§ Assignment
The answer is a stretch of the material below, returned exactly: the line containing "Context: An equa-interior", the line containing "text \<open>The algebraic", and all lines between.

§ Record set

lemma cos_pi_div_nonneg: assumes "M \<ge> 2" shows "cos (pi / real M) \<ge> 0"
proof -
  have "0 < pi / real M" "pi / real M \<le> pi / 2"
    using assms by (auto simp: field_simps)
  then show ?thesis by (intro cos_ge_zero) auto
qed

lemma r_const_eq_cos: assumes "M \<ge> 2" shows "r_const M = cos (pi / real M)"
proof -
  have "1/2 + 1/2 * cos (2 * pi / real M) = (cos (pi / real M))\<^sup>2"
    using cos_double_cos[of "pi / real M"] by (simp add: field_simps)
  then show ?thesis unfolding r_const_def using cos_pi_div_nonneg[OF assms] by simp
qed

lemma cos_pi_div_pos: assumes "M \<ge> 3" shows "cos (pi / real M) > 0"
proof -
  have "0 < pi / real M" "pi / real M < pi / 2"
    using assms by (auto simp: field_simps)
  then show ?thesis by (intro cos_gt_zero_pi) auto
qed

definition unit_coord :: "nat \<Rightarrow> nat \<Rightarrow> complex" where
  "unit_coord k = (\<lambda>l. if l = k then 1 else 0)"

lemma unit_coord_in_cvecs: "k < N \<Longrightarrow> unit_coord k \<in> cvecs N"
  unfolding unit_coord_def cvecs_def by auto

lemma fun_upd_in_tuples:
  "xs \<in> tuples m N \<Longrightarrow> i < m \<Longrightarrow> x \<in> cvecs N \<Longrightarrow> xs(i := x) \<in> tuples m N"
  unfolding tuples_def by auto

lemma multilinear_formD:
  assumes "multilinear_form m N T" "xs \<in> tuples m N" "i < m" "y \<in> cvecs N" "z \<in> cvecs N"
  shows "T (xs(i := (\<lambda>k. y k + c * z k))) = T (xs(i := y)) + c * T (xs(i := z))"
  using assms unfolding multilinear_form_def by blast
(* Let $\mathbf L$ be an algebraic lattice with an equa-interior operator $\eta$ satisfying property (I9). If $a$, $x$ and $z_i$ ($i\in I$, $I$ an arbitrary index set) are coatoms of $\mathbf L$ with $x\wedge z_i\le a$ properly for every $i\in I$, then $\eta(x)\vee\bigwedge_{i\in I}z_i=1$.
   Context: An equa-interior operator on an algebraic lattice $\mathbf L$ is a map $\eta:L\to L$ such that for all $x,y,z\in L$: (I1) $\eta(x)\le x$; (I2) $x\ge y$ implies $\eta(x)\ge\eta(y)$; (I3) $\eta^2(x)=\eta(x)$; (I4) $\eta(1)=1$; (I5) if $\eta(x)=u$ for all $x\in X\subseteq L$ then $\eta(\bigvee X)=u$; (I6) $\eta(x)\vee(y\wedge z)=(\eta(x)\vee y)\wedge(\eta(x)\vee z)$; (I7) the image $\eta(L)$ is the complete join subsemilattice of $L$ generated by the elements of $\eta(L)$ that are compact in $\mathbf L$; (I8) there is a compact element $w\in L$ with $\eta(w)=w$ such that the interval $[w,1]$ is isomorphic to the congruence lattice of a join semilattice with $0$. Define $\tau(y)=\bigvee\{u\in L:\eta(u)=\eta(y)\}$. Property (I9): for any index set $J$ and elements $x,c,z_j$ ($j\in J$) of $L$, if $\eta(x)\le c$ and $\bigwedge_{j\in J}\tau(z_j)\le\tau(c)$, then $\eta(\eta(x)\vee\bigwedge_{j\in J}\tau(x\wedge z_j))\le c$. For coatoms, "$x\wedge z\le a$ properly" means $x\wedge z\le a$ while $x\not\le a$ and $z\not\le a$. *)

theory Defs
  imports Main
begin

text \<open>The algebraic lattice is the whole of a type of class complete_lattice.\<close>

definition compact_el :: "'a::complete_lattice \<Rightarrow> bool" where
  "compact_el c \<longleftrightarrow> (\<forall>X. c \<le> Sup X \<longrightarrow> (\<exists>F. finite F \<and> F \<subseteq> X \<and> c \<le> Sup F))"

definition algebraic_lattice :: "'a::complete_lattice itself \<Rightarrow> bool" where
  "algebraic_lattice TYPE('a) \<longleftrightarrow>
     (\<forall>x::'a. x = Sup {c. compact_el c \<and> c \<le> x})"

definition coatom :: "'a::complete_lattice \<Rightarrow> bool" where
  "coatom a \<longleftrightarrow> a < top \<and> (\<forall>y. a \<le> y \<longrightarrow> y = a \<or> y = top)"

definition join_semilattice0 :: "'b set \<Rightarrow> ('b \<Rightarrow> 'b \<Rightarrow> 'b) \<Rightarrow> 'b \<Rightarrow> bool" where
  "join_semilattice0 S j e \<longleftrightarrow>
     e \<in> S \<and> (\<forall>a\<in>S. \<forall>b\<in>S. j a b \<in> S) \<and>
     (\<forall>a\<in>S. \<forall>b\<in>S. \<forall>c\<in>S. j (j a b) c = j a (j b c)) \<and>
     (\<forall>a\<in>S. \<forall>b\<in>S. j a b = j b a) \<and>
     (\<forall>a\<in>S. j a a = a) \<and>
     (\<forall>a\<in>S. j e a = a)"

text \<open>Congruences of the semilattice (S, j, e): equivalence relations on S compatible with j
  (compatibility with the constant e is automatic).\<close>
definition sl_congruence :: "'b set \<Rightarrow> ('b \<Rightarrow> 'b \<Rightarrow> 'b) \<Rightarrow> ('b \<times> 'b) set \<Rightarrow> bool" where
  "sl_congruence S j \<theta> \<longleftrightarrow> equiv S \<theta> \<and>
     (\<forall>a b c. (a, b) \<in> \<theta> \<longrightarrow> c \<in> S \<longrightarrow> (j a c, j b c) \<in> \<theta>)"

definition interval_iso_Con :: "'a::complete_lattice \<Rightarrow> 'b set \<Rightarrow> ('b \<Rightarrow> 'b \<Rightarrow> 'b) \<Rightarrow> bool" where
  "interval_iso_Con w S j \<longleftrightarrow>
     (\<exists>f. bij_betw f {x. w \<le> x} {\<theta>. sl_congruence S j \<theta>} \<and>
          (\<forall>x y. w \<le> x \<longrightarrow> w \<le> y \<longrightarrow> (x \<le> y \<longleftrightarrow> f x \<subseteq> f y)))"

text \<open>Equa-interior operator. The semilattice in (I8) lives on a carrier in a type 'b, which is
  universally quantified at theorem level (equivalent to an existential over types in the
  hypothesis).\<close>
definition equa_interior :: "'b itself \<Rightarrow> ('a::complete_lattice \<Rightarrow> 'a) \<Rightarrow> bool" where
  "equa_interior TYPE('b) \<eta> \<longleftrightarrow>
     (\<forall>x. \<eta> x \<le> x) \<and>
     (\<forall>x y. y \<le> x \<longrightarrow> \<eta> y \<le> \<eta> x) \<and>
     (\<forall>x. \<eta> (\<eta> x) = \<eta> x) \<and>
     \<eta> top = top \<and>
     (\<forall>X u. X \<noteq> {} \<longrightarrow> (\<forall>x\<in>X. \<eta> x = u) \<longrightarrow> \<eta> (Sup X) = u) \<and>
     (\<forall>x y z. sup (\<eta> x) (inf y z) = inf (sup (\<eta> x) y) (sup (\<eta> x) z)) \<and>
     range \<eta> = {Sup Y | Y. Y \<subseteq> {c \<in> range \<eta>. compact_el c}} \<and>
     (\<exists>w. compact_el w \<and> \<eta> w = w \<and>
        (\<exists>(S::'b set) j e. join_semilattice0 S j e \<and> interval_iso_Con w S j))"

definition tau :: "('a::complete_lattice \<Rightarrow> 'a) \<Rightarrow> 'a \<Rightarrow> 'a" where
  "tau \<eta> y = Sup {u. \<eta> u = \<eta> y}"

text \<open>Property (I9); a family (z_j) enters only through its set of values Z.\<close>
definition prop_I9 :: "('a::complete_lattice \<Rightarrow> 'a) \<Rightarrow> bool" where
  "prop_I9 \<eta> \<longleftrightarrow>
     (\<forall>x c Z. \<eta> x \<le> c \<longrightarrow> Inf (tau \<eta> ` Z) \<le> tau \<eta> c \<longrightarrow>
        \<eta> (sup (\<eta> x) (Inf ((\<lambda>z. tau \<eta> (inf x z)) ` Z))) \<le> c)"

definition below_properly :: "'a::complete_lattice \<Rightarrow> 'a \<Rightarrow> 'a \<Rightarrow> bool" where
  "below_properly x z a \<longleftrightarrow> inf x z \<le> a \<and> \<not> x \<le> a \<and> \<not> z \<le> a"

end

theory Submission
  imports Defs
begin

text \<open>Since \<open>\<eta> a \<squnion> (x \<sqinter> z\<^sub>i) \<le> a\<close>, distributivity (I6) and the coatom property force
  \<open>\<eta> a \<le> x \<sqinter> z\<^sub>i \<le> a\<close>, so \<open>\<eta>\<close> identifies \<open>x \<sqinter> z\<^sub>i\<close> with \<open>a\<close> and \<open>\<tau>(x \<sqinter> z\<^sub>i) = a\<close>.
  If \<open>\<eta> x \<le> a\<close> then also \<open>\<eta> x = \<eta> a\<close>, and (I5) gives \<open>\<eta> 1 = \<eta> (x \<squnion> a) = \<eta> x\<close>,
  impossible; hence \<open>\<eta> x \<squnion> a = 1\<close>. Applying (I9) with \<open>c = \<eta> x \<squnion> \<Sqinter>\<^sub>i z\<^sub>i\<close> (coatoms are
  fixed by \<open>\<tau>\<close>) yields \<open>1 = \<eta> (\<eta> x \<squnion> a) \<le> c\<close>.\<close>

lemma coatom_neq_top: "coatom c \<Longrightarrow> c \<noteq> top"
  unfolding coatom_def by auto

lemma coatom_sup_eq_top:
  assumes "coatom c" "\<not> y \<le> c"
  shows "sup y c = top"
proof -
  have "sup y c = c \<or> sup y c = top" using assms(1) unfolding coatom_def by simp
  with assms(2) show ?thesis by (metis sup.cobounded1)
qed

locale interior_operator =
  fixes \<eta> :: "'a::complete_lattice \<Rightarrow> 'a"
  assumes deflationary: "\<eta> x \<le> x"
    and mono: "y \<le> x \<Longrightarrow> \<eta> y \<le> \<eta> x"
    and idem: "\<eta> (\<eta> x) = \<eta> x"
    and top: "\<eta> top = top"
    and Sup_eq_const: "X \<noteq> {} \<Longrightarrow> \<forall>x\<in>X. \<eta> x = u \<Longrightarrow> \<eta> (Sup X) = u"
    and sup_inf_distrib: "sup (\<eta> x) (inf y z) = inf (sup (\<eta> x) y) (sup (\<eta> x) z)"

lemma equa_interior_imp_interior_operator:
  "equa_interior TYPE('b) \<eta> \<Longrightarrow> interior_operator \<eta>"
  unfolding equa_interior_def interior_operator_def by (elim conjE) (intro conjI; blast)

context interior_operator
begin

lemma eq_betweenI:
  assumes "\<eta> v \<le> u" "u \<le> v"
  shows "\<eta> u = \<eta> v"
proof (rule antisym)
  show "\<eta> u \<le> \<eta> v" using assms(2) by (rule mono)
  show "\<eta> v \<le> \<eta> u" using mono[OF assms(1)] by (simp only: idem)
qed

lemma eq_top_iff: "\<eta> x = top \<longleftrightarrow> x = top"
  using deflationary[of x] top by (auto simp: top_unique)

lemma le_tau: "y \<le> tau \<eta> y"
  unfolding tau_def by (rule Sup_upper) simp

lemma eta_tau: "\<eta> (tau \<eta> y) = \<eta> y"
  unfolding tau_def by (rule Sup_eq_const) auto

lemma tau_coatom:
  assumes "coatom c"
  shows "tau \<eta> c = c"
proof (rule ccontr)
  assume "tau \<eta> c \<noteq> c"
  with assms le_tau have "tau \<eta> c = top" unfolding coatom_def by blast
  then have "\<eta> c = top" using eta_tau[of c] top by simp
  with assms show False by (simp add: eq_top_iff coatom_neq_top)
qed

lemma le_inf_below_properly:
  assumes "coatom x" "coatom z" "below_properly x z a"
  shows "\<eta> a \<le> inf x z"
proof -
  have meet: "inf x z \<le> a" and "\<not> x \<le> a" "\<not> z \<le> a"
    using assms(3) unfolding below_properly_def by auto
  have "inf (sup (\<eta> a) x) (sup (\<eta> a) z) \<le> a"
    using meet deflationary[of a] by (simp flip: sup_inf_distrib)
  with \<open>\<not> x \<le> a\<close> \<open>\<not> z \<le> a\<close> have "sup (\<eta> a) x \<noteq> top" "sup (\<eta> a) z \<noteq> top"
    by auto
  then have "\<eta> a \<le> x" "\<eta> a \<le> z"
    using coatom_sup_eq_top[OF assms(1)] coatom_sup_eq_top[OF assms(2)] by blast+
  then show ?thesis by simp
qed

lemma tau_inf_below_properly:
  assumes "coatom a" "coatom x" "coatom z" "below_properly x z a"
  shows "tau \<eta> (inf x z) = a"
proof -
  have "\<eta> (inf x z) = \<eta> a"
    using eq_betweenI le_inf_below_properly[OF assms(2-4)] assms(4)
    unfolding below_properly_def by blast
  then have "tau \<eta> (inf x z) = tau \<eta> a" unfolding tau_def by simp
  with tau_coatom[OF assms(1)] show ?thesis by simp
qed

lemma sup_eta_coatom_eq_top:
  assumes "coatom a" "coatom x" "\<eta> a \<le> x" "\<not> x \<le> a"
  shows "sup (\<eta> x) a = top"
proof -
  have "\<not> \<eta> x \<le> a"
  proof
    assume "\<eta> x \<le> a"
    have "\<eta> x \<le> \<eta> a" using mono[OF \<open>\<eta> x \<le> a\<close>] by (simp only: idem)
    moreover have "\<eta> a \<le> \<eta> x" using mono[OF assms(3)] by (simp only: idem)
    ultimately have "\<eta> x = \<eta> a" by (rule antisym)
    then have "\<eta> (Sup {x, a}) = \<eta> x" by (intro Sup_eq_const) auto
    moreover have "sup x a = top" using assms(1,4) by (rule coatom_sup_eq_top)
    ultimately have "\<eta> x = top" by (simp add: top)
    with assms(2) show False by (simp add: eq_top_iff coatom_neq_top)
  qed
  with assms(1) show ?thesis by (rule coatom_sup_eq_top)
qed

lemma sup_INF_coatoms_eq_top:
  assumes "prop_I9 \<eta>" "coatom a" "coatom x" "\<forall>i\<in>I. coatom (z i)"
    and "\<forall>i\<in>I. below_properly x (z i) a"
  shows "sup (\<eta> x) (INF i\<in>I. z i) = top"
proof (cases "I = {}")
  case False
  then obtain i where i: "i \<in> I" by blast
  define c where "c = sup (\<eta> x) (INF i\<in>I. z i)"
  have "tau \<eta> ` z ` I = z ` I"
    unfolding image_image using assms(4) tau_coatom by (intro image_cong) simp_all
  then have "Inf (tau \<eta> ` z ` I) = Inf (z ` I)" by simp
  also have "\<dots> \<le> c" unfolding c_def by (rule le_supI2) simp
  also have "c \<le> tau \<eta> c" by (rule le_tau)
  finally have "Inf (tau \<eta> ` z ` I) \<le> tau \<eta> c" .
  then have I9: "\<eta> (sup (\<eta> x) (Inf ((\<lambda>w. tau \<eta> (inf x w)) ` z ` I))) \<le> c"
    using assms(1)[unfolded prop_I9_def, rule_format, of x c "z ` I"] unfolding c_def by simp
  have "(\<lambda>w. tau \<eta> (inf x w)) ` z ` I = {a}"
    using tau_inf_below_properly[OF assms(2,3)] assms(4,5) False by (auto simp: image_image)
  moreover have "sup (\<eta> x) a = top"
  proof -
    have "coatom (z i)" "below_properly x (z i) a" using assms(4,5) i by auto
    then have "\<eta> a \<le> inf x (z i)" "\<not> x \<le> a"
      using le_inf_below_properly[OF assms(3)] unfolding below_properly_def by auto
    then show ?thesis using sup_eta_coatom_eq_top[OF assms(2,3)] by simp
  qed
  ultimately have "top \<le> c" using I9 by (simp add: top)
  then show ?thesis unfolding c_def by (rule top_le)
qed simp

end

theorem theorem7p5:
  fixes \<eta> :: "'a::complete_lattice \<Rightarrow> 'a"
    and a x :: 'a and z :: "'i \<Rightarrow> 'a" and I :: "'i set"
  assumes "algebraic_lattice TYPE('a)"
    and "equa_interior TYPE('b) \<eta>"
    and "prop_I9 \<eta>"
    and "coatom a" and "coatom x" and "\<forall>i\<in>I. coatom (z i)"
    and "\<forall>i\<in>I. below_properly x (z i) a"
  shows "sup (\<eta> x) (INF i\<in>I. z i) = top"
proof -
  interpret interior_operator \<eta>
    using assms(2) by (rule equa_interior_imp_interior_operator)
  show ?thesis using assms(3-) by (rule sup_INF_coatoms_eq_top)
qed

end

§ Answer below
   Context: An equa-interior operator on an algebraic lattice $\mathbf L$ is a map $\eta:L\to L$ such that for all $x,y,z\in L$: (I1) $\eta(x)\le x$; (I2) $x\ge y$ implies $\eta(x)\ge\eta(y)$; (I3) $\eta^2(x)=\eta(x)$; (I4) $\eta(1)=1$; (I5) if $\eta(x)=u$ for all $x\in X\subseteq L$ then $\eta(\bigvee X)=u$; (I6) $\eta(x)\vee(y\wedge z)=(\eta(x)\vee y)\wedge(\eta(x)\vee z)$; (I7) the image $\eta(L)$ is the complete join subsemilattice of $L$ generated by the elements of $\eta(L)$ that are compact in $\mathbf L$; (I8) there is a compact element $w\in L$ with $\eta(w)=w$ such that the interval $[w,1]$ is isomorphic to the congruence lattice of a join semilattice with $0$. Define $\tau(y)=\bigvee\{u\in L:\eta(u)=\eta(y)\}$. Property (I9): for any index set $J$ and elements $x,c,z_j$ ($j\in J$) of $L$, if $\eta(x)\le c$ and $\bigwedge_{j\in J}\tau(z_j)\le\tau(c)$, then $\eta(\eta(x)\vee\bigwedge_{j\in J}\tau(x\wedge z_j))\le c$. For coatoms, "$x\wedge z\le a$ properly" means $x\wedge z\le a$ while $x\not\le a$ and $z\not\le a$. *)

theory Defs
  imports Main
begin

text \<open>The algebraic lattice is the whole of a type of class complete_lattice.\<close>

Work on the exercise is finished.